Here are two kennel run company’s I would take a look at. 

*Options Plus *
http://www.optionsplus.com/index.htm

*Mason Company*
http://www.masonco.com/


----------



## DKR (May 9, 2003)

You might also check into Priefert Kennels they make a great kennel and you can get them at most farm supply stores in the City. I think Tractor Supply and Orshlen (sp?) carry them.


----------



## Brad B (Apr 29, 2004)

I have Priefert and love them.


----------



## Guest (Dec 27, 2006)

Thanks for everyone's help with this. I called a few places and checked some websites based on the advice. I found the Behlen Magnum Kennel to be the best value and Tractor Supply carries Behlen. The Behlen has the heaviest gage steel at 6 and the tubing is 18 gage. Tractor Supply said they can special order the 5x10X6 and they quoted a price of $448 and some change. Looks like a great deal for what I am needing.

Thanks again!!


----------



## Norm 66 (Mar 25, 2005)

We love our Priefert. It's going on 2 years and still looks brand new .


----------



## Guest (Jan 2, 2007)

Yup... we went with the Behlen Magnum's too, and they're great pannels!


----------



## WRL (Jan 4, 2003)

I've had my priefert kennels less than a year and the welds are starting to pop on them.

I've got some Elite Kennels made by Tartar Gate Company and the latching mechanism is terrible. It doesn't hold up and recently a dog got out of a run and got hit by a car.

The latching mechanism looks similar to the ones on the Behlen kennels from the pictures posted.

I also have some of the AKC kennels and the welds have started to pop on those too. I've had them less than a month. Plus the doors and the latches have issues.

WRL


----------



## Polock (Jan 6, 2003)

Mason Kennels..................without a doubt!

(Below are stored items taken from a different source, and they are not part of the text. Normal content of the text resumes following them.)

theorem theorem5p5:
  fixes M :: "'w measure"
    and e :: "'y::banach \<Rightarrow> 'w \<Rightarrow> real"
    and f :: "'x::banach \<Rightarrow> real"
    and f' :: "'x \<Rightarrow> ('x \<Rightarrow>\<^sub>L real)"
    and g :: "'x \<Rightarrow> 'y"
    and g' :: "'x \<Rightarrow> ('x \<Rightarrow>\<^sub>L 'y)"
    and x :: 'x
    and xk :: "nat \<Rightarrow> 'x"
    and lam :: "nat \<Rightarrow> ('y \<Rightarrow>\<^sub>L real)"
    and gm :: "nat \<Rightarrow> 'y"
  assumes emb: "L2_dense_embedding M e"
    and f_diff: "\<And>z. (f has_derivative blinfun_apply (f' z)) (at z)"
    and f'_cont: "continuous_on UNIV f'"
    and g_diff: "\<And>z. (g has_derivative blinfun_apply (g' z)) (at z)"
    and g'_cont: "continuous_on UNIV g'"
    and feasible: "Yle0 M e (g x)"
    and xk_lim: "xk \<longlonglongrightarrow> x"
    and lam_pos: "\<And>k. lam k \<in> KY_plus M e"
    and stat: "(\<lambda>k. f' (xk k) + (lam k o\<^sub>L g' (xk k))) \<longlonglongrightarrow> 0"
    and gm_def: "\<And>k. AE w in M. e (gm k) w = max (- e (g (xk k)) w) 0"
    and compl: "(\<lambda>k. blinfun_apply (lam k) (gm k)) \<longlonglongrightarrow> 0"
  shows "((range (blinfun_apply (g' x)) + conical_hull (KY M e + {g x}) = UNIV)
            \<longrightarrow> bounded (range lam))
       \<and> (((\<exists>a :: 'y \<Rightarrow> 'y. (\<forall>y. AE w in M. e (a y) w = \<bar>e y w\<bar>) \<and> continuous_on UNIV a)
            \<and> dual_ball_weakstar_seq_compact TYPE('y \<Rightarrow>\<^sub>L real)
            \<and> bounded (range lam))
          \<longrightarrow> (\<exists>\<mu> \<in> KY_plus M e. f' x + (\<mu> o\<^sub>L g' x) = 0 \<and> Yle0 M e (g x)
                 \<and> blinfun_apply \<mu> (g x) = 0))"
proof -
  have lam_nonneg: "\<And>k y. y \<in> KY M e \<Longrightarrow> 0 \<le> lam k y"
    using lam_pos by (auto simp: KY_plus_def)
  have slack: "g (xk k) + gm k \<in> KY M e" for k
    by (rule KY_add_negative_part[OF emb gm_def])
  have gxk: "(\<lambda>k. g (xk k)) \<longlonglongrightarrow> g x"
    using g_diff has_derivative_continuous xk_lim isCont_tendsto_compose by blast
  have g'xk: "(\<lambda>k. g' (xk k)) \<longlonglongrightarrow> g' x" and f'xk: "(\<lambda>k. f' (xk k)) \<longlonglongrightarrow> f' x"
    using g'_cont f'_cont xk_lim by (auto intro: continuous_on_tendsto_compose)
  have neg_gx: "- g x \<in> KY M e"
    using feasible by (simp add: Yle0_def)
  show ?thesis
  proof (intro conjI impI)
    assume "range (blinfun_apply (g' x)) + conical_hull (KY M e + {g x}) = UNIV"
    then show "bounded (range lam)"
      by (rule bounded_AKKT_multipliers_if_Zowe_Kurcyusz[OF _ lam_nonneg f'xk g'xk gxk stat
            slack compl])
  next
    \<comment> \<open>The continuity of \<open>y \<mapsto> |y|\<close> only serves to make \<open>g\<^sub>-(x\<^sup>k)\<close> an element of \<open>Y\<close>;
      here that element is given as \<open>gm k\<close>.\<close>
    assume "(\<exists>a :: 'y \<Rightarrow> 'y. (\<forall>y. AE w in M. e (a y) w = \<bar>e y w\<bar>) \<and> continuous_on UNIV a)
            \<and> dual_ball_weakstar_seq_compact TYPE('y \<Rightarrow>\<^sub>L real) \<and> bounded (range lam)"
    then obtain \<mu> :: "'y \<Rightarrow>\<^sub>L real" where "\<And>y. y \<in> KY M e \<Longrightarrow> 0 \<le> \<mu> y"
      and "f' x + (\<mu> o\<^sub>L g' x) = 0" "\<mu> (g x) = 0"
      using KKT_multiplier_if_bounded_AKKT[OF _ _ lam_nonneg f'xk g'xk gxk stat slack compl neg_gx]
      by blast
    then show "\<exists>\<mu> \<in> KY_plus M e. f' x + (\<mu> o\<^sub>L g' x) = 0 \<and> Yle0 M e (g x)
                 \<and> blinfun_apply \<mu> (g x) = 0"
      using feasible by (auto simp: KY_plus_def)
  qed
qed
lemma fractional_power_upper_window:
  fixes \<beta> \<rho> \<psi> a :: real
  assumes \<beta>: "0 < \<beta>" "\<beta> \<le> 1" and \<rho>: "0 < \<rho>" and \<psi>: "0 < \<psi>" "\<psi> < pi" "a < \<psi>"
  shows "arg_in (1 - (1 - of_real \<rho> * cis \<psi>) powr of_real \<beta>) a pi"
proof -
  obtain R \<eta> where Y: "1 - of_real \<rho> * cis \<psi> = of_real R * cis (-\<eta>)" and R: "0 < R"
    and \<eta>: "0 < \<eta>" "\<eta> < pi - \<psi>"
    using one_minus_polar[OF \<rho> \<psi>(1,2)] by blast
  define e where "e = R powr \<beta>"
  define T where "T = 1 - of_real e * cis (-(\<beta> * \<eta>))"
  have T_eq: "1 - (1 - of_real \<rho> * cis \<psi>) powr of_real \<beta> = T"
    unfolding Y T_def e_def using R \<eta> \<psi> by (subst powr_polar) auto
  have "\<beta> * \<eta> \<le> \<eta>" using \<beta> \<eta> by (simp add: mult_le_cancel_right1)
  then have "\<beta> * \<eta> < pi" using \<eta> \<psi> by linarith
  then have "0 < sin (\<beta> * \<eta>)" using \<beta> \<eta> by (intro sin_gt_zero) auto
  then have "0 < Im T" using R by (simp add: T_def e_def)
  then have T0: "T \<noteq> 0" and l: "0 < Im (Ln T)" "Im (Ln T) < pi" using Im_Ln_pos by auto
  text \<open>The argument of \<open>T\<close> is at least \<open>\<psi>\<close>: \<open>T\<close> times the conjugate of \<open>\<rho> cis \<psi>\<close> lies
    in the closed upper half plane, by the concavity estimate for the sine.\<close>
  have conj_V: "1 - of_real R * cis \<eta> = of_real \<rho> * cis (-\<psi>)"
    using arg_cong[OF Y, of cnj] by (simp add: cis_cnj eq_diff_eq diff_eq_eq add.commute)
  have "Im (T * (1 - of_real R * cis \<eta>))
      = e * sin (\<beta> * \<eta>) + e * R * sin ((1 - \<beta>) * \<eta>) - R * sin \<eta>"
    by (simp add: T_def algebra_simps sin_diff cos_diff left_diff_distrib)
  also have "\<dots> \<ge> 0"
    using sin_young_bound[OF R \<beta>, of \<eta>] \<eta> \<psi> by (simp add: e_def)
  also have "T * (1 - of_real R * cis \<eta>) = of_real \<rho> * (exp (Ln T) * cis (-\<psi>))"
    using T0 by (simp add: conj_V)
  also have "Im (of_real \<rho> * (exp (Ln T) * cis (-\<psi>))) = \<rho> * Im (exp (Ln T) * cis (-\<psi>))"
    by simp
  also have "Im (exp (Ln T) * cis (-\<psi>)) = exp (Re (Ln T)) * sin (Im (Ln T) + -\<psi>)"
    by (rule Im_exp_cis)
  finally have "0 \<le> sin (Im (Ln T) - \<psi>)"
    using \<rho> by (simp add: zero_le_mult_iff)
  then have "\<psi> \<le> Im (Ln T)"
    using sin_neg_iff[of "Im (Ln T) - \<psi>"] l \<psi> by linarith
  then show ?thesis using T_eq T0 l \<psi> unfolding arg_in_def by (intro exI[of _ "Ln T"]) simp
qed
lemma cos_next_angle:
  assumes "0 \<le> b" "b < \<alpha>" "-1 < K"
  shows "cos ((\<alpha> - b + next_angle b K) / 2) = K * cos ((\<alpha> - b - next_angle b K) / 2)"
proof -
  define A where "A = (\<alpha> - b) / 2"
  define t where "t = (1 - K) / ((1 + K) * tan_gap b)"
  define B where "B = arctan t"
  have angles: "(\<alpha> - b + next_angle b K) / 2 = A + B" "(\<alpha> - b - next_angle b K) / 2 = A - B"
    by (simp_all add: A_def B_def t_def next_angle_def field_simps)
  have "cos A \<noteq> 0"
    using cos_half_gap_pos[of b] assms unfolding A_def by simp
  then have sin_A: "sin A = tan_gap b * cos A"
    by (simp add: tan_gap_def A_def tan_def)
  have sin_B: "sin B = t * cos B"
    using tan_arctan[of t] by (simp add: B_def tan_def field_simps)
  have "tan_gap b * t = (1 - K) / (1 + K)"
    using tan_gap_pos[of b] assms by (simp add: t_def)
  moreover have "0 < 1 + K"
    using assms by simp
  ultimately have qt: "1 - tan_gap b * t = K * (1 + tan_gap b * t)"
    by (simp add: field_simps)
  have "cos (A + B) = cos A * cos B * (1 - tan_gap b * t)"
    by (simp add: cos_add sin_A sin_B algebra_simps)
  also have "\<dots> = K * (cos A * cos B * (1 + tan_gap b * t))"
    by (simp add: qt)
  also have "cos A * cos B * (1 + tan_gap b * t) = cos (A - B)"
    by (simp add: cos_diff sin_A sin_B algebra_simps)
  finally show ?thesis
    unfolding angles .
qed

lemma exit_bot_eq:
  "sin (beta x n) \<noteq> 0 \<Longrightarrow> exit_bot x n = real (Suc n) * sin (beta x n) * (K_prev x (Suc n) - 1)"
  by (simp add: exit_bot_def K_prev.simps(2) K_next_def right_diff_distrib)

lemma exit_top_eq:
  "sin (beta x n) \<noteq> 0 \<Longrightarrow>
    exit_top x n = real (Suc n) * sin (beta x n) * (K_top (beta x n) - K_prev x (Suc n))"
  by (simp add: exit_top_def K_prev.simps(2) K_next_def right_diff_distrib)

lemma stays_K_bounds:
  assumes "stays x N" "k < N"
  shows "0 < sin (beta x k)" and "K_top (beta x k) \<le> K_prev x (Suc k)"
    and "K_prev x (Suc k) \<le> 1" and "-1 < K_prev x (Suc k)"
proof -
  have b: "0 < beta x k" "beta x k < \<alpha>" "exit_bot x k \<le> 0" "exit_top x k \<le> 0"
    using assms by (auto simp: stays_def)
  show sin_pos: "0 < sin (beta x k)"
    using b by (intro sin_pos_below_\<alpha>)
  show "K_top (beta x k) \<le> K_prev x (Suc k)" "K_prev x (Suc k) \<le> 1"
    using b sin_pos exit_bot_eq[of x k] exit_top_eq[of x k]
    by (auto simp: mult_le_0_iff)
  then show "-1 < K_prev x (Suc k)"
    using K_top_bounds[of "beta x k"] b by linarith
qed

lemma beta_range: "x \<in> {0..\<alpha>} \<Longrightarrow> stays x N \<Longrightarrow> 0 \<le> beta x N \<and> beta x N \<le> \<alpha>"
proof (cases N)
  case (Suc m)
  assume "stays x N"
  then have "0 < beta x m" "beta x m < \<alpha>"
    using Suc by (auto simp: stays_def)
  with stays_K_bounds[OF \<open>stays x N\<close>, of m] show ?thesis
    using Suc by (simp add: beta_Suc next_angle_nonneg_iff next_angle_le_\<alpha>_iff)
qed simp

lemma exit_at_zero:
  assumes "beta x n = 0" "0 \<le> K_prev x n"
  shows "0 < exit_bot x n \<and> exit_top x n < 0"
proof -
  have "0 < K_num n 0 (K_prev x n)"
    using c_pos sin_\<alpha>_pos assms(2) unfolding K_num_def by (intro add_pos_nonneg) simp_all
  then show ?thesis
    using assms(1) by (simp add: exit_bot_def exit_top_def)
qed

lemma exit_at_\<alpha>:
  assumes "beta x n = \<alpha>"
  shows "exit_bot x n < 0 \<and> 0 < exit_top x n"
proof -
  have "c * sin \<alpha> / 2 < sin \<alpha>" "sin \<alpha> \<le> real (Suc n) * sin \<alpha>"
    using c_less_2 sin_\<alpha>_pos by simp_all
  then have "c * sin \<alpha> / 2 < real (Suc n) * sin \<alpha>"
    by linarith
  then show ?thesis
    using assms by (simp add: exit_bot_def exit_top_def K_num_def)
qed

Had mine (10 runs) 20+ years and they're still like new, no rust or malfunctions.....................I have the galvinized isolation panels between the runs to control cross contamination............. and did a 1 inch weave on the gates plus 1 1/2 inch above the panels................wouldn't do it any other way...................and I wouldn't buy any other product............... :wink:


----------